Ravenari Featured By Owner Dec 12, 2012  Professional Traditional Artist
Thank you. :)
DoorStop1227 Featured By Owner Aug 13, 2012
BrittaM Featured By Owner Jun 20, 2012
Gorgeous! I love the colours, and every single tiny little line on the moth's wings.

It's sad how, when most people think of endangered species, they immediately think "Panda!" or "Koala!" but never of the small things. Endangered insect? Who cares, it's just a dumb bug! But I personally find insects to be some of the most beautiful and intriguing creatures on the planet.
Ravenari Featured By Owner Jun 25, 2012  Professional Traditional Artist
Ee, thank you so much.

And yes, it's so very sad that these guys are critically endangered and yet no one's heard of them, and they're such beautiful, day-flying moths too.
BrittaM Featured By Owner Jun 26, 2012
I was looking at the list of all known endangered species the other day, and it's a shame most are things nobody has ever heard of. Society seems to get hung up on the "cute" things, and nobody cares about obscure endangered plants, or insects, or fish, or whatever.

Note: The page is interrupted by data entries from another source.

lemma inj_on_skew_derangement_of: "inj_on skew_derangement_of (rel_derangements_B n)"
proof (rule inj_onI)
  fix w w' assume "w \<in> rel_derangements_B n" "w' \<in> rel_derangements_B n"
    and eq: "skew_derangement_of w = skew_derangement_of w'"
  let ?u = "map fst w" and ?u' = "map fst w'"
  have u: "distinct ?u" "set ?u = {1..n}" "distinct ?u'" "set ?u' = {1..n}"
    using \<open>w \<in> _\<close> \<open>w' \<in> _\<close>
    by (simp_all add: rel_derangements_B_def rel_derangement_B_def signed_perm_def)
  have set_eq: "set w = set w'" using eq by (simp add: skew_derangement_of_def)
  let ?\<pi> = "word_perm (rev ?u)" and ?\<pi>' = "word_perm (rev ?u')"
  have \<pi>: "?\<pi> permutes {1..n}" "?\<pi>' permutes {1..n}"
    using word_perm_permutes[of "rev ?u"] word_perm_permutes[of "rev ?u'"] u by simp_all
  have "?\<pi> i = ?\<pi>' i" if "i \<in> {1..n}" for i
  proof -
    have "(i, sign_in w i) \<in> set w"
      using that set_eq_sign_graph[OF u(1)] u(2) by (auto simp: sign_graph_def)
    then have "?\<pi> i - 1 = ?\<pi>' i - 1"
      using fun_cong[OF arg_cong[OF eq, of snd], of "(i, sign_in w i)"] set_eq
      by (simp add: skew_derangement_of_def skew_map_def)
    moreover have "?\<pi> i \<in> {1..n}" "?\<pi>' i \<in> {1..n}"
      using that permutes_in_image[OF \<pi>(1)] permutes_in_image[OF \<pi>(2)] by simp_all
    ultimately show ?thesis by auto
  qed
  then have "?\<pi> = ?\<pi>'" using \<pi> by (metis permutes_not_in ext)
  then have "?u = ?u'" using word_perm_inj[of "rev ?u" "rev ?u'"] u by simp
  then show "w = w'" using signed_word_eqI u(1) set_eq by blast
qed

MasterKrypton Featured By Owner Jun 17, 2012  Hobbyist Traditional Artist
how pretty! :)
Ravenari Featured By Owner Jun 17, 2012  Professional Traditional Artist
Thank you!
Incyray Featured By Owner Jun 17, 2012  Student General Artist
looks like a species of under-wing moth.
Ravenari Featured By Owner Jun 17, 2012  Professional Traditional Artist
They do; but they are not. They are actually pretty far away from the Catocala family. They're part of the Castniidae family, and are only found in Australia and the tropics (whereas underwings are mostly found in the Americas and Europe). The Castniids are generally called 'butterfly moths' and have the distinct clubbed antennae, which underwings lack.